# Craftsman Tablesaw with Router wing



## rjhanby (May 4, 2007)

My Craftsman table saw has a cast iron router table extension wing on it. It's machined to mount some router (I assume a Craftsman) that Sears carried in the past. All the current Sear's routers that I've seen in their store, have the same base mounting screw layout as my Hitachi (and I think the Porter Cable) routers. I ran down a Craftsman adapter plate to work with this wing and I can attach my router and all works fine. At least it did until recently. The adapter plate cost me a little bit height and trying to use a lock miter bit that lost height is coming back to bite me.

Anyone have any idea what router they may have machined that table to mount? I'm sure that Sears didn't manufacture that router, so I'm wondering if Ryobi, B&D, or whoever still has a router with that mounting screw layout.

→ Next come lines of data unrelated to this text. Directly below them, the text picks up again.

definition T_map :: "(int \<Rightarrow> nat) \<times> (nat \<Rightarrow> nat) \<Rightarrow> (int \<Rightarrow> nat) \<times> (nat \<Rightarrow> nat)" where
  "T_map p = (shift (fst p), Z3_plus1 (snd p))"

end

theory Submission
  imports Defs
begin

text \<open>
  Put \<open>C = {x \<in> X\<^sub>\<sigma>. x\<^sub>0 = x\<^sub>2 = 0}\<close>. Nonzero letters of a point of \<open>X\<^sub>\<sigma>\<close> sit at positions
  of equal parity and occur in every window of length 4, so the points of \<open>C\<close> are exactly the
  sequences with zeros at all even positions, i.e. the images \<open>\<sigma>(x)\<close>, \<open>x \<in> X\<^sub>\<sigma>\<close>; in particular
  \<open>C\<close> is a clopen cylinder. Orbits starting in \<open>C \<times> \<int>\<^sub>3\<close> return to it after exactly two steps and
  \<open>S\<^sup>2 \<circ> \<sigma> = \<sigma> \<circ> S\<close>. As 2 is a unit of \<open>\<int>\<^sub>3\<close>, the map \<open>(x, z) \<mapsto> (\<sigma>(x), 2z)\<close> is a
  homeomorphism onto \<open>C \<times> \<int>\<^sub>3\<close> conjugating \<open>T\<close> with the induced map.
\<close>

section \<open>Words generated by the substitution\<close>

lemma sigma_word_Nil [simp]: "sigma_word [] = []"
  by (simp add: sigma_word_def)

lemma sigma_word_append [simp]: "sigma_word (u @ v) = sigma_word u @ sigma_word v"
  by (simp add: sigma_word_def)

lemma sigma_word_Cons: "sigma_word (a # w) = sigma a @ sigma_word w"
  by (simp add: sigma_word_def)

lemma length_sigma_word [simp]: "length (sigma_word w) = 2 * length w"
  by (induction w) (auto simp: sigma_word_Cons)

lemma nth_sigma_word:
  "i < 2 * length w \<Longrightarrow>
   sigma_word w ! i = (if even i then 0 else if w ! (i div 2) = 0 then 1 else 0)"
proof (induction w arbitrary: i)
  case Nil
  then show ?case by simp
next
  case (Cons a w)
  show ?case
  proof (cases "i < 2")
    case True
    then have "i = 0 \<or> i = 1" by auto
    then show ?thesis by (auto simp: sigma_word_Cons)
  next
    case False
    then have "sigma_word (a # w) ! i = sigma_word w ! (i - 2)"
      by (simp add: sigma_word_Cons nth_append numeral_2_eq_2)
    also have "\<dots> = (if even (i - 2) then 0 else if w ! ((i - 2) div 2) = 0 then 1 else 0)"
      using Cons False by auto
    also have "\<dots> = (if even i then 0 else if (a # w) ! (i div 2) = 0 then 1 else 0)"
    proof -
      have "(i - 2) div 2 = i div 2 - 1" "i div 2 \<noteq> 0" "even (i - 2) = even i"
        using False by auto
      then show ?thesis by (simp add: nth_Cons')
    qed
    finally show ?thesis .
  qed
qed

abbreviation sigma_pow :: "nat \<Rightarrow> nat \<Rightarrow> nat list" where
  "sigma_pow k a \<equiv> (sigma_word ^^ k) [a]"

lemma sigma_pow_Suc: "sigma_pow (Suc k) a = sigma_word (sigma_pow k a)"
  by simp

lemma length_sigma_pow [simp]: "length (sigma_pow k a) = 2 ^ k"
  by (induction k) auto

lemma sigma_pow_letters: "a \<in> {0,1} \<Longrightarrow> j < 2 ^ k \<Longrightarrow> sigma_pow k a ! j \<in> {0,1}"
proof (induction k arbitrary: j)
  case 0
  then show ?case by simp
next
  case (Suc k)
  then show ?case by (simp only: sigma_pow_Suc, subst nth_sigma_word) auto
qed

lemma sigma_pow_even_zero:
  assumes "k \<ge> 1" "j < 2 ^ k" "even j"
  shows "sigma_pow k a ! j = 0"
proof -
  obtain m where k: "k = Suc m" using assms(1) by (cases k) auto
  show ?thesis using assms(2,3) unfolding k sigma_pow_Suc by (subst nth_sigma_word) auto
qed

lemma sigma_pow_no_adjacent_nonzero:
  assumes "Suc j < 2 ^ k"
  shows "sigma_pow k a ! j = 0 \<or> sigma_pow k a ! Suc j = 0"
proof (cases k)
  case 0
  then show ?thesis using assms by simp
next
  case (Suc m)
  then show ?thesis
    using assms sigma_pow_even_zero[of k j a] sigma_pow_even_zero[of k "Suc j" a]
    by (cases "even j") auto
qed

text \<open>A zero at an odd position \<open>q\<close> of \<open>\<sigma>\<^sup>k\<^sup>+\<^sup>1(a)\<close> comes from a one at position \<open>q div 2\<close>
  of \<open>\<sigma>\<^sup>k(a)\<close>, and ones are never adjacent.\<close>
lemma sigma_pow_no_zeros_at_distance_two:
  assumes "odd q" "q + 2 < 2 ^ Suc k"
  shows "sigma_pow (Suc k) a ! q \<noteq> 0 \<or> sigma_pow (Suc k) a ! (q + 2) \<noteq> 0"
proof (rule ccontr)
  assume "\<not> ?thesis"
  then have "sigma_pow k a ! (q div 2) \<noteq> 0" "sigma_pow k a ! ((q + 2) div 2) \<noteq> 0"
    using assms unfolding sigma_pow_Suc
    by (subst (asm) nth_sigma_word, simp, simp split: if_splits)+
  moreover have "(q + 2) div 2 = Suc (q div 2)" "Suc (q div 2) < 2 ^ k"
    using assms by auto
  ultimately show False using sigma_pow_no_adjacent_nonzero[of "q div 2" k a] by simp
qed

lemma funpow_sigma_word_append:
  "(sigma_word ^^ k) (u @ v) = (sigma_word ^^ k) u @ (sigma_word ^^ k) v"
  by (induction k) auto

lemma sigma_pow_Suc_split:
  "sigma_pow (Suc k) a = sigma_pow k 0 @ sigma_pow k (if a = 0 then 1 else 0)"
proof -
  have "sigma_pow (Suc k) a = (sigma_word ^^ k) (sigma_word [a])"
    by (simp add: funpow_Suc_right del: funpow.simps)
  also have "sigma_word [a] = [0] @ [if a = 0 then 1 else 0]"
    by (simp add: sigma_word_def)
  finally show ?thesis by (simp only: funpow_sigma_word_append)
qed

section \<open>The language and the subshift\<close>

lemma sigma_language_iff:
  "w \<in> sigma_language \<longleftrightarrow>
   (\<exists>a\<in>{0,1}. \<exists>k\<ge>1. \<exists>p. p + length w \<le> 2 ^ k \<and>
      (\<forall>j<length w. sigma_pow k a ! (p + j) = w ! j))"
proof
  assume "w \<in> sigma_language"
  then obtain a k u v where a: "a \<in> {0,1}" "k \<ge> 1" and e: "sigma_pow k a = u @ w @ v"
    unfolding sigma_language_def by blast
  have "length u + length w \<le> 2 ^ k" using arg_cong[OF e, of length] by simp
  moreover have "\<forall>j<length w. sigma_pow k a ! (length u + j) = w ! j"
    using e by (simp add: nth_append)
  ultimately show "\<exists>a\<in>{0,1}. \<exists>k\<ge>1. \<exists>p. p + length w \<le> 2 ^ k \<and>
      (\<forall>j<length w. sigma_pow k a ! (p + j) = w ! j)"
    using a by blast
next
  assume "\<exists>a\<in>{0,1}. \<exists>k\<ge>1. \<exists>p. p + length w \<le> 2 ^ k \<and>
      (\<forall>j<length w. sigma_pow k a ! (p + j) = w ! j)"
  then obtain a k p where a: "a \<in> {0,1}" "k \<ge> 1" and p: "p + length w \<le> 2 ^ k"
    and e: "\<forall>j<length w. sigma_pow k a ! (p + j) = w ! j" by blast
  have "w = take (length w) (drop p (sigma_pow k a))"
    by (rule nth_equalityI) (use p e in auto)
  then have "sigma_pow k a = take p (sigma_pow k a) @ w @ drop (p + length w) (sigma_pow k a)"
    by (metis append_take_drop_id drop_drop add.commute)
  then show "w \<in> sigma_language" unfolding sigma_language_def using a by blast
qed

lemma X_sigma_iff:
  "x \<in> X_sigma \<longleftrightarrow> (\<forall>i. x i \<in> {0,1}) \<and>
     (\<forall>i n. \<exists>a\<in>{0,1}. \<exists>k\<ge>1. \<exists>p. p + n \<le> 2 ^ k \<and>
        (\<forall>j<n. sigma_pow k a ! (p + j) = x (i + int j)))"
  unfolding X_sigma_def sigma_language_iff by simp

lemma X_sigma_occurrence:
  assumes "x \<in> X_sigma"
  obtains a k p where "a \<in> {0,1}" "k \<ge> 1" "p + n \<le> 2 ^ k"
    "\<And>j. j < n \<Longrightarrow> sigma_pow k a ! (p + j) = x (i + int j)"
  using assms unfolding X_sigma_iff by meson

lemma X_sigma_letters: "x \<in> X_sigma \<Longrightarrow> x i \<in> {0,1}"
  unfolding X_sigma_iff by blast

lemma X_sigma_nonzero_even_distance:
  assumes "x \<in> X_sigma" "x i \<noteq> 0" "x (i + int d) \<noteq> 0"
  shows "even d"
proof -
  obtain a k p where "a \<in> {0,1}" and k: "k \<ge> 1" "p + Suc d \<le> 2 ^ k"
    and e: "\<And>j. j < Suc d \<Longrightarrow> sigma_pow k a ! (p + j) = x (i + int j)"
    using X_sigma_occurrence[OF assms(1), of "Suc d" i] by blast
  have bounds: "p < 2 ^ k" "p + d < 2 ^ k" using k(2) by simp_all
  have "odd p"
  proof
    assume "even p"
    then have "sigma_pow k a ! p = 0" using sigma_pow_even_zero[OF k(1) bounds(1)] by blast
    then show False using e[of 0] assms(2) by simp
  qed
  moreover have "odd (p + d)"
  proof
    assume "even (p + d)"
    then have "sigma_pow k a ! (p + d) = 0" using sigma_pow_even_zero[OF k(1) bounds(2)] by blast
    then show False using e[of d] assms(3) by simp
  qed
  ultimately show ?thesis by simp
qed

lemma X_sigma_nonzero_even_diff:
  assumes "x \<in> X_sigma" "x i \<noteq> 0" "x i' \<noteq> 0"
  shows "even (i' - i)"
proof -
  have ordered: "even (j' - j)" if "j \<le> j'" "x j \<noteq> 0" "x j' \<noteq> 0" for j j'
  proof -
    have "x (j + int (nat (j' - j))) \<noteq> 0" using that by simp
    then have "even (nat (j' - j))"
      using X_sigma_nonzero_even_distance[OF assms(1) that(2)] by blast
    then show ?thesis using that(1) by (simp add: even_nat_iff)
  qed
  show ?thesis
  proof (cases "i \<le> i'")
    case True
    then show ?thesis using ordered assms by blast
  next
    case False
    then have "even (i - i')" using ordered assms by simp
    then show ?thesis by (metis even_minus minus_diff_eq)
  qed
qed

lemma X_sigma_no_adjacent_nonzero: "x \<in> X_sigma \<Longrightarrow> x i = 0 \<or> x (i + 1) = 0"
  using X_sigma_nonzero_even_distance[of x i 1] by auto

lemma X_sigma_nonzero_in_window: assumes "x \<in> X_sigma" shows "\<exists>j<4. x (i + int j) \<noteq> 0"
proof (rule ccontr)
  assume "\<not> ?thesis"
  then have zero: "\<And>j. j < 4 \<Longrightarrow> x (i + int j) = 0" by blast
  obtain a k p where "a \<in> {0,1}" and k: "k \<ge> 1" "p + 4 \<le> 2 ^ k"
    and e: "\<And>j. j < 4 \<Longrightarrow> sigma_pow k a ! (p + j) = x (i + int j)"
    using X_sigma_occurrence[OF assms, of 4 i] by blast
  obtain m where km: "k = Suc m" using k by (cases k) auto
  define q where "q = (if odd p then p else p + 1)"
  have q: "odd q" "p \<le> q" "q + 2 \<le> p + 3" unfolding q_def by auto
  have "sigma_pow k a ! q = 0" "sigma_pow k a ! (q + 2) = 0"
    using e[of "q - p"] zero[of "q - p"] e[of "q + 2 - p"] zero[of "q + 2 - p"] q by simp_all
  then show False
    using sigma_pow_no_zeros_at_distance_two[of q m a] q k unfolding km by simp
qed

lemma X_sigma_even_zero:
  assumes "x \<in> X_sigma" "x 0 = 0" "x 2 = 0"
  shows "x (2 * i) = 0"
proof (rule ccontr)
  assume nonzero: "x (2 * i) \<noteq> 0"
  obtain j where j: "j < 4" "x (int j) \<noteq> 0"
    using X_sigma_nonzero_in_window[OF assms(1), of 0] by auto
  then have "j = 1 \<or> j = 3" using assms by (auto simp: less_Suc_eq numeral_eq_Suc)
  moreover have "even (int j - 2 * i)" using X_sigma_nonzero_even_diff[OF assms(1) nonzero j(2)] .
  ultimately show False by auto
qed

lemma shift_in_X_sigma:
  assumes "x \<in> X_sigma"
  shows "shift x \<in> X_sigma"
  unfolding X_sigma_iff
proof (intro conjI allI)
  fix i
  show "shift x i \<in> {0,1}" using X_sigma_letters[OF assms] by (simp add: shift_def)
next
  fix i n
  obtain a k p where "a \<in> {0,1}" "k \<ge> 1" "p + n \<le> 2 ^ k"
    and e: "\<And>j. j < n \<Longrightarrow> sigma_pow k a ! (p + j) = x (i + 1 + int j)"
    using X_sigma_occurrence[OF assms, of n "i + 1"] by blast
  moreover have "\<forall>j<n. sigma_pow k a ! (p + j) = shift x (i + int j)"
    using e by (simp add: shift_def add_ac)
  ultimately show "\<exists>a\<in>{0,1}. \<exists>k\<ge>1. \<exists>p. p + n \<le> 2 ^ k \<and>
      (\<forall>j<n. sigma_pow k a ! (p + j) = shift x (i + int j))"
    by blast
qed

definition sigma_seq :: "(int \<Rightarrow> nat) \<Rightarrow> int \<Rightarrow> nat" where
  "sigma_seq x = (\<lambda>i. if even i then 0 else if x (i div 2) = 0 then 1 else 0)"

definition desubstitute :: "(int \<Rightarrow> nat) \<Rightarrow> int \<Rightarrow> nat" where
  "desubstitute x = (\<lambda>j. if x (2 * j + 1) = 0 then 1 else 0)"

lemma sigma_seq_in_X_sigma:
  assumes "x \<in> X_sigma"
  shows "sigma_seq x \<in> X_sigma"
  unfolding X_sigma_iff
proof (intro conjI allI)
  fix i
  show "sigma_seq x i \<in> {0,1}" by (simp add: sigma_seq_def)
next
  fix i :: int and n :: nat
  define m where "m = i div 2"
  define r where "r = nat (i mod 2)"
  have im: "i = 2 * m + int r" and r: "r < 2" unfolding m_def r_def by simp_all
  obtain a k p where a: "a \<in> {0,1}" "k \<ge> 1" "p + Suc n \<le> 2 ^ k"
    and e: "\<And>j. j < Suc n \<Longrightarrow> sigma_pow k a ! (p + j) = x (m + int j)"
    using X_sigma_occurrence[OF assms, of "Suc n" m] by blast
  have "\<forall>j<n. sigma_pow (Suc k) a ! (2 * p + r + j) = sigma_seq x (i + int j)"
  proof (intro allI impI)
    fix j
    assume j: "j < n"
    have "sigma_pow (Suc k) a ! (2 * p + r + j) =
       (if even (r + j) then 0 else if sigma_pow k a ! (p + (r + j) div 2) = 0 then 1 else 0)"
    proof -
      have "(2 * p + r + j) div 2 = p + (r + j) div 2" "even (2 * p + r + j) = even (r + j)"
        by auto
      then show ?thesis unfolding sigma_pow_Suc using a r j by (subst nth_sigma_word) auto
    qed
    also have "sigma_pow k a ! (p + (r + j) div 2) = x (m + int ((r + j) div 2))"
      using e[of "(r + j) div 2"] r j by simp
    also have "(if even (r + j) then 0 else if x (m + int ((r + j) div 2)) = 0 then 1 else 0)
        = sigma_seq x (i + int j)"
    proof -
      have "i + int j = 2 * m + int (r + j)" using im by simp
      moreover have "(2 * m + int (r + j)) div 2 = m + int ((r + j) div 2)" by simp
      moreover have "even (2 * m + int (r + j)) = even (r + j)" by simp
      ultimately show ?thesis unfolding sigma_seq_def by presburger
    qed
    finally show "sigma_pow (Suc k) a ! (2 * p + r + j) = sigma_seq x (i + int j)" .
  qed
  moreover have "2 * p + r + n \<le> 2 ^ Suc k" "Suc k \<ge> 1" using a r by simp_all
  ultimately show "\<exists>a\<in>{0,1}. \<exists>k\<ge>1. \<exists>p. p + n \<le> 2 ^ k \<and>
      (\<forall>j<n. sigma_pow k a ! (p + j) = sigma_seq x (i + int j))"
    using a(1) by blast
qed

Another track, do you think an inexpensive router's bottom area where the base is attached would be up to me drilling and taping holes to match this table? The table is cast iron and has the mounting holes already drilled and countersunk, I'm not brave enough to tackle drilling it <g>

Thanks!


----------



## vikingcraftsman (Mar 31, 2006)

I have that old router in my table and I bought it used from Sears years ago. I have to use wood clamps on it to keep the bit from slipping down. It is a 2 hourse power router but only uses 1/4 inch bits. So I build an extention table right next to the wing for my big Bousch router. I like the sears router because I can use the table saws sliding arm and open up the wood extentions to the right size for the bit. With my big router I have made a cut out for the largest bit. I have an Inkara plastic fence.


----------